TASK GOAL:
Your task is to transcribe, without alteration, the lines from the top of the material below through the line bearing "list \<Rightarrow> nat", inclusive.

DATASET EXTRACT:
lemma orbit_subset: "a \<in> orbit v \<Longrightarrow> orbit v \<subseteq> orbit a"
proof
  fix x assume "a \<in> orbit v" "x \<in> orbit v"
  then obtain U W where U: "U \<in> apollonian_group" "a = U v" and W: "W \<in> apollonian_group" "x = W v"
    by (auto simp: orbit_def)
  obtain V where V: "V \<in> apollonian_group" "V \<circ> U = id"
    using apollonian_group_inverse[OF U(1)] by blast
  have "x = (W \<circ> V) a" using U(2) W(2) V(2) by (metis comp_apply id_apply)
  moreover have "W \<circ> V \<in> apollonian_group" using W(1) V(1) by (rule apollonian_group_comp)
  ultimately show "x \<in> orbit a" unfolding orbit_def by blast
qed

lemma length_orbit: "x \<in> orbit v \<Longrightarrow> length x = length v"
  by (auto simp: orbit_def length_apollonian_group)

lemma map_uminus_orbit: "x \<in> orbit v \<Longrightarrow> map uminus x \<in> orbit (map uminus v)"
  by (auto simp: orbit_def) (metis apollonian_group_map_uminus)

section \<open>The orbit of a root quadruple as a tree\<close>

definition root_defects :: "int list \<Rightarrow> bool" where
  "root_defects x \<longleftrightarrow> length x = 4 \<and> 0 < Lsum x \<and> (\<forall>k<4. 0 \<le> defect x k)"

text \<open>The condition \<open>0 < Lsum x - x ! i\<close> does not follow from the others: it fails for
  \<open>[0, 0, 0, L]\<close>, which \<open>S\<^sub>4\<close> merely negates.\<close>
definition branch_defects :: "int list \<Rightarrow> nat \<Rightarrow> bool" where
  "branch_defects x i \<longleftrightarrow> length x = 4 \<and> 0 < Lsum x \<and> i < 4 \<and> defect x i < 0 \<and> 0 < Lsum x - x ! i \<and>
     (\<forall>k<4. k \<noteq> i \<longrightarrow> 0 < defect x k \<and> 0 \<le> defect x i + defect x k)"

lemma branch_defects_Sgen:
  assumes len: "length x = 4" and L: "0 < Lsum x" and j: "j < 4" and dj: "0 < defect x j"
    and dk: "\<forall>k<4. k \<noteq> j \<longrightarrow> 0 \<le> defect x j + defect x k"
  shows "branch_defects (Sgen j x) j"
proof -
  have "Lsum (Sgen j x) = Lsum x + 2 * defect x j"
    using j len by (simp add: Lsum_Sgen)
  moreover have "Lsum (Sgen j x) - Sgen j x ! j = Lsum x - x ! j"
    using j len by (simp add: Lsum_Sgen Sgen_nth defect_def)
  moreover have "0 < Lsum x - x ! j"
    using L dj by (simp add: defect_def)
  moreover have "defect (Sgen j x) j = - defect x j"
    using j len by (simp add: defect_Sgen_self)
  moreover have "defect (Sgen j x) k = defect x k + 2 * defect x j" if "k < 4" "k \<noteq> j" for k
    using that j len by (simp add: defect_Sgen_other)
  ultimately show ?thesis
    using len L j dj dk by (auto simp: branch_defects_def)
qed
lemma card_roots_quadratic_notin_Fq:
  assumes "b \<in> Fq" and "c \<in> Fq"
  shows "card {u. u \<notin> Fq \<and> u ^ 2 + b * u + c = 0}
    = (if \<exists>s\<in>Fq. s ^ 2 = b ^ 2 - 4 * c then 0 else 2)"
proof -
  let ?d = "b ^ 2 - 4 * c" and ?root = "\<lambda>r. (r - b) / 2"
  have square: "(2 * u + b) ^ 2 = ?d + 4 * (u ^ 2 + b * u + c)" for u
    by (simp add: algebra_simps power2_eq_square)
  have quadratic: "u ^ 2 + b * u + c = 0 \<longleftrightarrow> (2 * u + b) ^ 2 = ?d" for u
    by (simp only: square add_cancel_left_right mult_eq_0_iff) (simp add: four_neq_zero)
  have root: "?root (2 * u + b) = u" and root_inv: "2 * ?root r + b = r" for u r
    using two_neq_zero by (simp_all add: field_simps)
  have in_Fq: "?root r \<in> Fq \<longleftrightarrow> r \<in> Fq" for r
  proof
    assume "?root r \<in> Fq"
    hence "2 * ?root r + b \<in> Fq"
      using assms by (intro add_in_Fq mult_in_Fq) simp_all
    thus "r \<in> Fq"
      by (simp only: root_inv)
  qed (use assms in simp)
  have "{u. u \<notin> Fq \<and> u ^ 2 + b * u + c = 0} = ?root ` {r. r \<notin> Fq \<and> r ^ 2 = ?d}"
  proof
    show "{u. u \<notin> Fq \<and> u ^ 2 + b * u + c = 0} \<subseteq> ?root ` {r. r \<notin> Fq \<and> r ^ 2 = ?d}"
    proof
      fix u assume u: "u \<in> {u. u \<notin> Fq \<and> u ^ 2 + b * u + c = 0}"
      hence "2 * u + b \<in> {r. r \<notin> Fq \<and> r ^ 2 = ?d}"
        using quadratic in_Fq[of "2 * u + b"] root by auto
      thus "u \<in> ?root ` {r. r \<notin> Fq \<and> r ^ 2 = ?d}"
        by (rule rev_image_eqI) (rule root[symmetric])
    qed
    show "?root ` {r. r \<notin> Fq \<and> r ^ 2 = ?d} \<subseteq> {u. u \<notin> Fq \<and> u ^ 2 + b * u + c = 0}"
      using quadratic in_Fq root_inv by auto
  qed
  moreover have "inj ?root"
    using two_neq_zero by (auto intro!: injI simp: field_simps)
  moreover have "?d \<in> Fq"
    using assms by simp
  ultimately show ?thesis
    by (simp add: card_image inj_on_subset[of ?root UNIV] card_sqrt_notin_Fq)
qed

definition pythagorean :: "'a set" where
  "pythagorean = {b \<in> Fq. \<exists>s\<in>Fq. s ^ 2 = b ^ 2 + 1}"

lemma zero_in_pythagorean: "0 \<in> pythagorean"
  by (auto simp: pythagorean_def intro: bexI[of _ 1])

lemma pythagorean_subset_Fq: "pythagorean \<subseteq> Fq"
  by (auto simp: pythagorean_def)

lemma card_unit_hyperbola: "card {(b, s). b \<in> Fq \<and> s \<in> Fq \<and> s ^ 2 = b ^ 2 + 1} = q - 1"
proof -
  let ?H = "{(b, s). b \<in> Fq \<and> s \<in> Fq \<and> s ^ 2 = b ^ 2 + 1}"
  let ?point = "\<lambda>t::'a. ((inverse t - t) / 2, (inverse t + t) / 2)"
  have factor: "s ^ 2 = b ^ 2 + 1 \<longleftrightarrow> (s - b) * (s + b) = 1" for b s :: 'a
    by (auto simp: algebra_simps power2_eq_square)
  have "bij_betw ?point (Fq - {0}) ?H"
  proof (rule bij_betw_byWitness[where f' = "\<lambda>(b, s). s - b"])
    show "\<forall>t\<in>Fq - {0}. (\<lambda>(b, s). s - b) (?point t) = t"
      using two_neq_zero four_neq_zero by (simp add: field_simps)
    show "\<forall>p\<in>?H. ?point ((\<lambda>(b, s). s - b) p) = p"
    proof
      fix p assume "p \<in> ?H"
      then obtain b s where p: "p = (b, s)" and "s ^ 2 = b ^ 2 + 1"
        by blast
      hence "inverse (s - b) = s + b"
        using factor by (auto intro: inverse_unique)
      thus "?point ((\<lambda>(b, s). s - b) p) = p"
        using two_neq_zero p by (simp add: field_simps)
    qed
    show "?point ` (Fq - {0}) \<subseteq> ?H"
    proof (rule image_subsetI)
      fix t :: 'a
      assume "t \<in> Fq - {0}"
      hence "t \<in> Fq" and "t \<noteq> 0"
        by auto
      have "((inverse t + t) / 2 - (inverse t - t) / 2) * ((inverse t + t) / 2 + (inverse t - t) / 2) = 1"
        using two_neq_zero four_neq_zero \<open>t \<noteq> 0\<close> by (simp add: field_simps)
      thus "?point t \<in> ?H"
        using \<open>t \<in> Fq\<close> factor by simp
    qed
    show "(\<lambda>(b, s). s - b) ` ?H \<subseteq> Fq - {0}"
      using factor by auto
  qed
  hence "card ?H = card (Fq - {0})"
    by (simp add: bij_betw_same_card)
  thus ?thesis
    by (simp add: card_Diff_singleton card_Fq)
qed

EXERCISE RESULT:
lemma orbit_subset: "a \<in> orbit v \<Longrightarrow> orbit v \<subseteq> orbit a"
proof
  fix x assume "a \<in> orbit v" "x \<in> orbit v"
  then obtain U W where U: "U \<in> apollonian_group" "a = U v" and W: "W \<in> apollonian_group" "x = W v"
    by (auto simp: orbit_def)
  obtain V where V: "V \<in> apollonian_group" "V \<circ> U = id"
    using apollonian_group_inverse[OF U(1)] by blast
  have "x = (W \<circ> V) a" using U(2) W(2) V(2) by (metis comp_apply id_apply)
  moreover have "W \<circ> V \<in> apollonian_group" using W(1) V(1) by (rule apollonian_group_comp)
  ultimately show "x \<in> orbit a" unfolding orbit_def by blast
qed

lemma length_orbit: "x \<in> orbit v \<Longrightarrow> length x = length v"
  by (auto simp: orbit_def length_apollonian_group)

lemma map_uminus_orbit: "x \<in> orbit v \<Longrightarrow> map uminus x \<in> orbit (map uminus v)"
  by (auto simp: orbit_def) (metis apollonian_group_map_uminus)

section \<open>The orbit of a root quadruple as a tree\<close>

definition root_defects :: "int list \<Rightarrow> bool" where
  "root_defects x \<longleftrightarrow> length x = 4 \<and> 0 < Lsum x \<and> (\<forall>k<4. 0 \<le> defect x k)"

text \<open>The condition \<open>0 < Lsum x - x ! i\<close> does not follow from the others: it fails for
  \<open>[0, 0, 0, L]\<close>, which \<open>S\<^sub>4\<close> merely negates.\<close>
definition branch_defects :: "int list \<Rightarrow> nat \<Rightarrow> bool" where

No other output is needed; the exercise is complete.